> _Records for this task_
(* Let $p^{\mathcal S}(c,x)$ and $p^{\mathcal T}(c,x)$ be the data distributions of the source and target tasks. Define $$D^{ST}_{\mathrm{trace}}=2\sup_{\theta\in\Theta}\bigl|\mathcal R^{\mathcal S}_{\theta}-\mathcal R^{\mathcal T}_{\theta}\bigr|,$$ $$D^{ST}_{\mathrm{TV}}=2\,\mathrm{TV}(p^{\mathcal T}_c,p^{\mathcal S}_c)+2\,\mathbb E_{c\sim p^{\mathcal S}_c}\bigl[\mathrm{TV}\bigl(p^{\mathcal T}(\cdot|c),p^{\mathcal S}(\cdot|c)\bigr)\bigr].$$ Then both $D^{ST}=D^{ST}_{\mathrm{trace}}$ and $D^{ST}=D^{ST}_{\mathrm{TV}}$ satisfy the dissimilarity inequality $$d^{\mathcal T}(\theta,\theta^{\mathcal T}_* )\le d^{\mathcal S}(\theta,\theta^{\mathcal S}_* )+D^{ST}\quad\text{for all }\theta\in\Theta,$$ i.e. the tasks are $D^{ST}$-dissimilar for either choice. Moreover, $D^{ST}_{\mathrm{trace}}\le D^{ST}_{\mathrm{TV}}$.
   Context: Setting: $\mathcal X$ is a finite set of classical inputs, labels are $c\in\{0,1\}$. $\Theta$ is an arbitrary set of embedding parameters and, for each $\theta\in\Theta$ and $x\in\mathcal X$, $\rho_\theta(x)$ is a density matrix (positive semidefinite, unit trace) on $\mathbb C^n$. $\mathcal M$ is the set of binary POVMs $M=(M_0,M_1)$ with $M_0,M_1\succeq0$ and $M_0+M_1=I$. The loss is $\ell_{\theta,M}(c,x)=1-\mathrm{Tr}(M_c\rho_\theta(x))$. For a task $\mathcal A\in\{\mathcal S,\mathcal T\}$ with joint distribution $p^{\mathcal A}(c,x)$ on $\{0,1\}\times\mathcal X$ (label marginal $p^{\mathcal A}_c$, input marginal $p^{\mathcal A}(x)$, conditionals $p^{\mathcal A}(x|c)$), the expected risk is $\mathcal R^{\mathcal A}_{\theta,M}=\mathbb E_{p^{\mathcal A}(c,x)}[\ell_{\theta,M}(c,x)]$ and $\mathcal R^{\mathcal A}_\theta=\min_{M\in\mathcal M}\mathcal R^{\mathcal A}_{\theta,M}$. Assume $\theta^{\mathcal A}_*\in\arg\min_{\theta\in\Theta}\mathcal R^{\mathcal A}_\theta$ exists. The task-based distance is $d^{\mathcal A}(\theta,\theta')=|\mathcal R^{\mathcal A}_{\theta'}-\mathcal R^{\mathcal A}_\theta|$. $\mathrm{TV}(p,q)=\tfrac12\sum_x|p(x)-q(x)|$ is the total variation distance. *)

theory Defs
  imports "HOL-Analysis.Analysis"
begin
lemma zek_minus_zD_large_k:
  assumes R: "0 < R" and \<epsilon>: "0 < \<epsilon>"
  shows "\<exists>C K. 1 < K \<and> (\<forall>k\<ge>K. \<forall>(x, t)\<in>Qset R. \<bar>zek \<epsilon> k \<phi> x t - zD \<epsilon> \<phi> x t\<bar> \<le> C * fp (DIM('a) + 1) p k)"
proof -
  obtain C where C: "0 \<le> C" "\<And>k \<sigma> \<xi>. exp 1 \<le> k \<Longrightarrow> 0 < \<sigma> \<Longrightarrow> 0 \<le> \<xi> \<Longrightarrow> R < \<xi> + \<epsilon> * \<sigma> \<Longrightarrow>
      corr_bound (real DIM('a)) p k \<sigma> \<xi> \<le> ennreal (C * fp (Suc DIM('a)) p k)"
    using corr_bound_le_fp[OF p \<epsilon> R] by blast
  show ?thesis
  proof (rule exI[of _ "2 * (Lp_mass / p + 1) * C"], rule exI[of _ "exp 1"], intro conjI allI impI ballI)
    fix k :: real and z :: "('a \<times> real) \<times> real"
    assume k: "exp 1 \<le> k" and z: "z \<in> Qset R"
    obtain x t where z_eq: "z = (x, t)" and x: "0 \<le> snd x" and t: "0 < t" and reg: "R < snd x + t"
      using z by (cases z) (auto simp: Qset_def closure_Omega)
    have k1: "1 \<le> k" using k exp_ge_add_one_self[of 1] by linarith
    then have k0: "0 \<le> k" by simp
    have \<sigma>: "0 < t / \<epsilon>" using t \<epsilon> by simp
    have w: "corr_bound (real DIM('a)) p k (t / \<epsilon>) (snd x) \<le> ennreal (C * fp (Suc DIM('a)) p k)"
      using C(2)[OF k \<sigma> x] reg \<epsilon> by simp
    have w0: "0 \<le> C * fp (Suc DIM('a)) p k" using C(1) k1 by (simp add: fp_nonneg)
    have "\<bar>zek \<epsilon> k \<phi> x t - zD \<epsilon> \<phi> x t\<bar> \<le> 2 * ((Lp_mass / p + 1) * (C * fp (Suc DIM('a)) p k))"
      using abs_zcorr_le[OF x \<sigma> k0 w w0] unfolding zek_eq[OF x \<sigma> k0 w w0] by simp
    then show "case z of (x, t) \<Rightarrow> \<bar>zek \<epsilon> k \<phi> x t - zD \<epsilon> \<phi> x t\<bar> \<le> 2 * (Lp_mass / p + 1) * C * fp (DIM('a) + 1) p k"
      unfolding z_eq by (simp only: case_prod_conv Suc_eq_plus1 mult_ac)
  qed simp
qed

end

theorem theorem5p2:
  fixes \<phi> :: "'a::euclidean_space \<times> real \<Rightarrow> real" and p :: real
  defines "N \<equiv> DIM('a) + 1"
  assumes p: "1 \<le> p"
    and meas: "set_borel_measurable lebesgue Omega \<phi>"
    and Lp: "set_integrable lebesgue Omega (\<lambda>y. \<bar>\<phi> y\<bar> powr p)"
  shows "(\<forall>T>0. \<forall>k>0. \<exists>C \<epsilon>0. \<epsilon>0 > 0 \<and>
            (\<forall>\<epsilon>. 0 < \<epsilon> \<and> \<epsilon> < \<epsilon>0 \<longrightarrow>
              (\<forall>x\<in>closure Omega. \<forall>t>T. \<bar>zek \<epsilon> k \<phi> x t\<bar> \<le> C * \<epsilon> powr (real N / (2 * p)))))
       \<and> (\<forall>T>0. \<exists>C \<epsilon>0. \<epsilon>0 > 0 \<and>
            (\<forall>\<epsilon>. 0 < \<epsilon> \<and> \<epsilon> < \<epsilon>0 \<longrightarrow>
              (\<forall>x\<in>closure Omega. \<forall>t>T. \<bar>zN \<epsilon> \<phi> x t\<bar> \<le> C * \<epsilon> powr (real N / (2 * p)))))
       \<and> (\<forall>R>0. \<forall>\<epsilon>>0. \<exists>C K. K > 1 \<and>
            (\<forall>k\<ge>K. \<forall>(x, t)\<in>Qset R. \<bar>zek \<epsilon> k \<phi> x t - zD \<epsilon> \<phi> x t\<bar> \<le> C * fp N p k))"
proof -
  interpret Lp_datum \<phi> p
    using p meas Lp by (rule Lp_datum.intro)
  show ?thesis
    unfolding N_def using zek_small_eps zN_small_eps zek_minus_zD_large_k by (auto intro: less_imp_le)
qed

end
(* Let $U$ be a representation of $\tilde W$ on which $z=-1$ acts by $-\mathrm{id}$, and let $\mathfrak u\in U$ satisfy $\tilde r_1\mathfrak u=\zeta_1^{\ell_1}\mathfrak u$ and $\tilde r_2\mathfrak u=\zeta_2^{\ell_2}\mathfrak u$, where $\ell_a\in\{1,\dots,2m_a-1\}$ are odd integers. Then for $a\in\{1,2\}$, \[ O_a^\pm\,\mathfrak u=\pm i\,Q_a(\ell_a\pm1)\,\tilde f_a\mathfrak u,\qquad O_a^\pm O_a^\mp\,\mathfrak u=Q_a(\ell_a\mp1)^2\,\mathfrak u. \]
   Context: Let $x_1,\dots,x_4$ be the standard orthonormal basis of $\mathbb R^4$, with complexification $V=\mathbb C^4$ and the bilinear extension $(\cdot,\cdot)$ of the standard inner product. Fix positive integers $m_1,m_2$ and $\zeta_a=e^{i\pi/m_a}$. Let $\alpha_p=(\sin(p\pi/m_1),-\cos(p\pi/m_1),0,0)$ ($p=1,\dots,2m_1$), $\beta_q=(0,0,\sin(q\pi/m_2),-\cos(q\pi/m_2))$ ($q=1,\dots,2m_2$), $R$ the set of these vectors, $R_+=\{\alpha_1,\dots,\alpha_{m_1},\beta_1,\dots,\beta_{m_2}\}$, and $W\cong D_{2m_1}\times D_{2m_2}$ the group generated by the reflections $s_\alpha$, $\alpha\in R$. Let $\kappa:R\to\mathbb R$ be $W$-invariant (real-valued, standing assumption). If $m_1$ is odd, $\kappa_1$ denotes the common value on all $\alpha_p$; if $m_1$ is even, $\kappa_1=\kappa_{\alpha_p}$ ($p$ odd), $\kappa_2=\kappa_{\alpha_p}$ ($p$ even); similarly $\kappa_3$ (and $\kappa_4$ when $m_2$ is even) for the $\beta_q$. $Q_a(j)$ ($a\in\{1,2\}$, $j\in\mathbb Z$) equals $m_a\kappa_{2a-1}$ if $m_a$ odd and $j\equiv0\pmod{2m_a}$; $\frac{m_a}{2}(\kappa_{2a}+\kappa_{2a-1})$ if $m_a$ even and $j\equiv0\pmod{2m_a}$; $\frac{m_a}2(\kappa_{2a}-\kappa_{2a-1})$ if $m_a$ even and $j\equiv m_a\pmod{2m_a}$; $0$ otherwise. Let $\mathcal C$ be the complex Clifford algebra generated by $e_1,\dots,e_4$ with $e_je_k+e_ke_j=2\delta_{jk}$, $\gamma:V\to\mathcal C$ linear with $\gamma(x_j)=e_j$, and $\tilde W\subset\mathcal C^\times$ the group generated by all $\gamma(\alpha)$, $\alpha\in R$; $z=-1\in\tilde W$. Put $\tilde s_p=\gamma(\alpha_p)$, $\tilde t_q=\gamma(\beta_q)$, $\tilde f_1=\tilde s_{m_1}$, $\tilde f_2=\tilde t_{m_2}$, $\tilde r_1=z\tilde s_{m_1}\tilde s_1$, $\tilde r_2=z\tilde t_{m_2}\tilde t_1$. Let $z_a^\pm=x_{2a-1}\pm ix_{2a}$, and for $x\in V$ let $O(x)=\sum_{\alpha\in R_+}\kappa_\alpha(x,\alpha)\gamma(\alpha)\in\mathbb C\tilde W$ (this is the image of the one-index symmetry of the Dunkl total angular momentum algebra), acting on $U$; write $O_a^\pm=O(z_a^\pm)$. *)

theory Defs
  imports Complex_Main
begin

text \<open>Vectors of V = C^4 are represented as functions nat => complex; the standard
basis vector x_(j+1) corresponds to index j, j < 4 (entries outside 0..3 are 0).\<close>

type_synonym vec4 = "nat \<Rightarrow> complex"

definition bil :: "vec4 \<Rightarrow> vec4 \<Rightarrow> complex" where
  "bil x y = (\<Sum>j<4. x j * y j)"

text \<open>Roots: rt 1 m p = alpha_p (coordinates x1,x2), rt 2 m q = beta_q (coordinates x3,x4).\<close>
definition rt :: "nat \<Rightarrow> nat \<Rightarrow> nat \<Rightarrow> vec4" where
  "rt a m p = (\<lambda>j. if j = 2*a - 2 then complex_of_real (sin (real p * pi / real m))
                   else if j = 2*a - 1 then complex_of_real (- cos (real p * pi / real m))
                   else 0)"

definition roots :: "nat \<Rightarrow> nat \<Rightarrow> vec4 set" where
  "roots m1 m2 = {rt 1 m1 p | p. p \<in> {1..2*m1}} \<union> {rt 2 m2 q | q. q \<in> {1..2*m2}}"

definition refl :: "vec4 \<Rightarrow> vec4 \<Rightarrow> vec4" where
  "refl b v = (\<lambda>j. v j - 2 * bil v b / bil b b * b j)"
lemma minimal_length_unique:
  assumes "p \<ge> 2" "finite D" "minimal D p r1 U" "minimal D p r2 U"
  shows "r1 = r2"
proof -
  have sU: "real (sU D p U) = (real (p - 1) * delta D p) * real r" if "minimal D p r U" for r
    using that unfolding minimal_def by (simp add: ac_simps)
  have "0 < sU D p U" using assms sU_pos_E unfolding minimal_def by blast
  then have "real (p - 1) * delta D p \<noteq> 0" using sU[OF assms(3)] by auto
  then show ?thesis using sU[OF assms(3)] sU[OF assms(4)] by simp
qed

context
  fixes p r :: nat
  assumes p2: "p \<ge> 2" and r1: "r \<ge> 1"
begin

lemma power_minus_one_pos: "p ^ r - 1 \<ge> 1"
  using p2 r1 power_increasing[of 1 r p] by simp

lemma shiftnum_le: "u \<le> p ^ r - 1 \<Longrightarrow> shiftnum p r u \<le> p ^ r - 1"
  using power_minus_one_pos by (auto simp: shiftnum_def intro: less_imp_le)

lemma shiftnum_cong: "u \<le> p ^ r - 1 \<Longrightarrow> [shiftnum p r u = p * u] (mod (p ^ r - 1))"
proof (cases "u \<le> p ^ r - 2")
  case False
  assume "u \<le> p ^ r - 1"
  then have "u = p ^ r - 1" using False by linarith
  then show ?thesis by (simp add: shiftnum_def cong_def)
qed (simp add: shiftnum_def cong_def)

lemma shiftnum_pos:
  assumes "u \<le> p ^ r - 1" "0 < u"
  shows "0 < shiftnum p r u"
proof (rule ccontr)
  assume "\<not> 0 < shiftnum p r u"
  then have lt: "u < p ^ r - 1" and "(p * u) mod (p ^ r - 1) = 0"
    using assms by (auto simp: shiftnum_def split: if_splits)
  then have "(p ^ r - 1) dvd u"
    using coprime_power_minus_one[of p r] p2 r1 coprime_dvd_mult_right_iff by auto
  then show False using lt assms(2) by (simp add: nat_dvd_not_less)
qed

lemma funpow_shiftnum:
  "u < p ^ r - 1 \<Longrightarrow> (shiftnum p r ^^ k) u = (p ^ k * u) mod (p ^ r - 1)"
proof (induction k)
  case (Suc k)
  have "(p ^ k * u) mod (p ^ r - 1) < p ^ r - 1" using power_minus_one_pos by simp
  then have "(p ^ k * u) mod (p ^ r - 1) \<le> p ^ r - 2" by linarith
  then show ?case using Suc by (simp add: shiftnum_def mod_mult_right_eq mult.assoc)
qed simp

lemma funpow_shiftnum_period: "u \<le> p ^ r - 1 \<Longrightarrow> (shiftnum p r ^^ r) u = u"
proof (cases "u = p ^ r - 1")
  case True
  then have "(shiftnum p r ^^ k) u = u" for k
    by (induction k) (simp_all add: shiftnum_def)
  then show ?thesis .
next
  case False
  assume "u \<le> p ^ r - 1"
  then have lt: "u < p ^ r - 1" using False by simp
  obtain N where "p ^ r = Suc N" using power_minus_one_pos by (cases "p ^ r") auto
  then have "p ^ r * u = u + u * (p ^ r - 1)" by simp
  then show ?thesis using funpow_shiftnum[OF lt] lt by simp
qed

text \<open>Writing \<open>u = a p\<^sup>r\<^sup>-\<^sup>1 + b\<close> with leading digit \<open>a\<close>, we get \<open>p u \<equiv> a + p b\<close>, a cyclic rotation of digits.\<close>

lemma digsum_shiftnum: "u \<le> p ^ r - 1 \<Longrightarrow> digsum p (shiftnum p r u) = digsum p u"
proof (cases "u \<le> p ^ r - 2")
  case True
  define N where "N = p ^ r - 1"
  define a where "a = u div p ^ (r - 1)"
  define b where "b = u mod p ^ (r - 1)"
  have pr: "p ^ r = p * p ^ (r - 1)" using r1 by (simp flip: power_Suc)
  have ulN: "u < N" using True power_minus_one_pos unfolding N_def by linarith
  have u: "u = a * p ^ (r - 1) + b" unfolding a_def b_def by (metis div_mult_mod_eq)
  have blt: "b < p ^ (r - 1)" unfolding b_def using p2 by simp
  have alt: "a < p" unfolding a_def using ulN pr N_def p2 by (simp add: div_less_iff_less_mult)
  have "p * p ^ (r - 1) = N + 1" using pr power_minus_one_pos unfolding N_def by simp
  moreover have "p * u = a * (p * p ^ (r - 1)) + p * b" unfolding u by (simp add: algebra_simps)
  ultimately have pu: "p * u = (a + p * b) + a * N" by simp
  have "a + p * b \<le> N"
  proof -
    have "b \<le> p ^ (r - 1) - 1" using blt by linarith
    then have "p * b \<le> p * (p ^ (r - 1) - 1)" by simp
    then have "p * b \<le> p ^ r - p" using pr by (simp add: right_diff_distrib')
    moreover have "p \<le> p ^ r" using pr p2 by simp
    ultimately show ?thesis using alt unfolding N_def by linarith
  qed
  moreover have "a + p * b \<noteq> N"
  proof
    assume "a + p * b = N"
    then have "N dvd p * u" using pu by simp
    then have "N dvd u"
      using coprime_power_minus_one[of p r] p2 r1 coprime_dvd_mult_right_iff unfolding N_def by auto
    then have "u = 0" using ulN by (metis dvd_imp_le neq0_conv not_less)
    then show False using \<open>a + p * b = N\<close> power_minus_one_pos unfolding a_def b_def N_def by simp
  qed
  ultimately have "shiftnum p r u = a + p * b"
    using True pu unfolding shiftnum_def N_def by simp
  moreover have "digsum p (a + p * b) = a + digsum p b"
    using digsum_rec[of p "a + p * b"] p2 alt by simp
  moreover have "digsum p u = a + digsum p b"
    unfolding u by (rule digsum_leading_digit[OF p2 alt blt])
  ultimately show ?thesis by simp
qed (simp add: shiftnum_def)

lemma vsum_shiftU_cong:
  assumes "U \<in> E D p r"
  shows "[vsum D (shiftU p r U) i = p * vsum D U i] (mod (p ^ r - 1))"
proof -
  have "[vsum D (shiftU p r U) i = (\<Sum>d\<in>D. (p * U d) * d i)] (mod (p ^ r - 1))"
    unfolding vsum_def shiftU_def by (intro cong_sum cong_mult shiftnum_cong E_le[OF assms] cong_refl)
  then show ?thesis by (simp add: vsum_def sum_distrib_left mult.assoc)
qed

lemma shiftU_in_E:
  assumes "finite D" "U \<in> E D p r"
  shows "shiftU p r U \<in> E D p r"
proof -
  have dvd: "(p ^ r - 1) dvd vsum D U i" and pos: "0 < vsum D U i" for i
    using assms(2) unfolding E_def by auto
  have "(p ^ r - 1) dvd vsum D (shiftU p r U) i" for i
    using vsum_shiftU_cong[OF assms(2), of i] dvd[of i] by (metis cong_dvd_iff dvd_mult)
  moreover have "0 < vsum D (shiftU p r U) i" for i
  proof -
    obtain d where "d \<in> D" "0 < U d" "0 < d i"
      using pos[of i] vsum_pos_iff[OF assms(1)] by blast
    then show ?thesis
      using shiftnum_pos[OF E_le[OF assms(2)]] vsum_pos_iff[OF assms(1)]
      unfolding shiftU_def by blast
  qed
  moreover have "shiftU p r U d \<le> p ^ r - 1" for d
    unfolding shiftU_def by (rule shiftnum_le[OF E_le[OF assms(2)]])
  moreover have "shiftU p r U d = 0" if "d \<notin> D" for d
    using assms(2) that unfolding E_def shiftU_def by (simp add: shiftnum_def)
  ultimately show ?thesis using r1 unfolding E_def by blast
qed

lemma funpow_shiftU_in_E: "finite D \<Longrightarrow> U \<in> E D p r \<Longrightarrow> (shiftU p r ^^ k) U \<in> E D p r"
  by (induction k) (simp_all add: shiftU_in_E)

lemma sU_shiftU:
  assumes "U \<in> E D p r"
  shows "sU D p (shiftU p r U) = sU D p U"
  unfolding sU_def shiftU_def using digsum_shiftnum[OF E_le[OF assms]] by simp

lemma funpow_shiftU_period:
  assumes "U \<in> E D p r"
  shows "(shiftU p r ^^ r) U = U"
proof -
  have "(shiftU p r ^^ k) U = (\<lambda>d. (shiftnum p r ^^ k) (U d))" for k
    by (induction k) (auto simp: shiftU_def)
  then show ?thesis using funpow_shiftnum_period[OF E_le[OF assms]] by auto
qed

lemma irreducible_U_shiftU:
  assumes "U \<in> E D p r" "irreducible_U D p r U"
  shows "irreducible_U D p r (shiftU p r U)"
proof -
  have "phi D p r U r = phi D p r U 0"
    unfolding phi_def using funpow_shiftU_period[OF assms(1)] by simp
  then show ?thesis
    using inj_on_rotate assms(2) unfolding irreducible_U_def phi_shiftU by blast
qed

> _Exercise_
Copy out every line from the data above in which the word "imports" occurs.

> _Result_
  imports "HOL-Analysis.Analysis"
  imports Complex_Main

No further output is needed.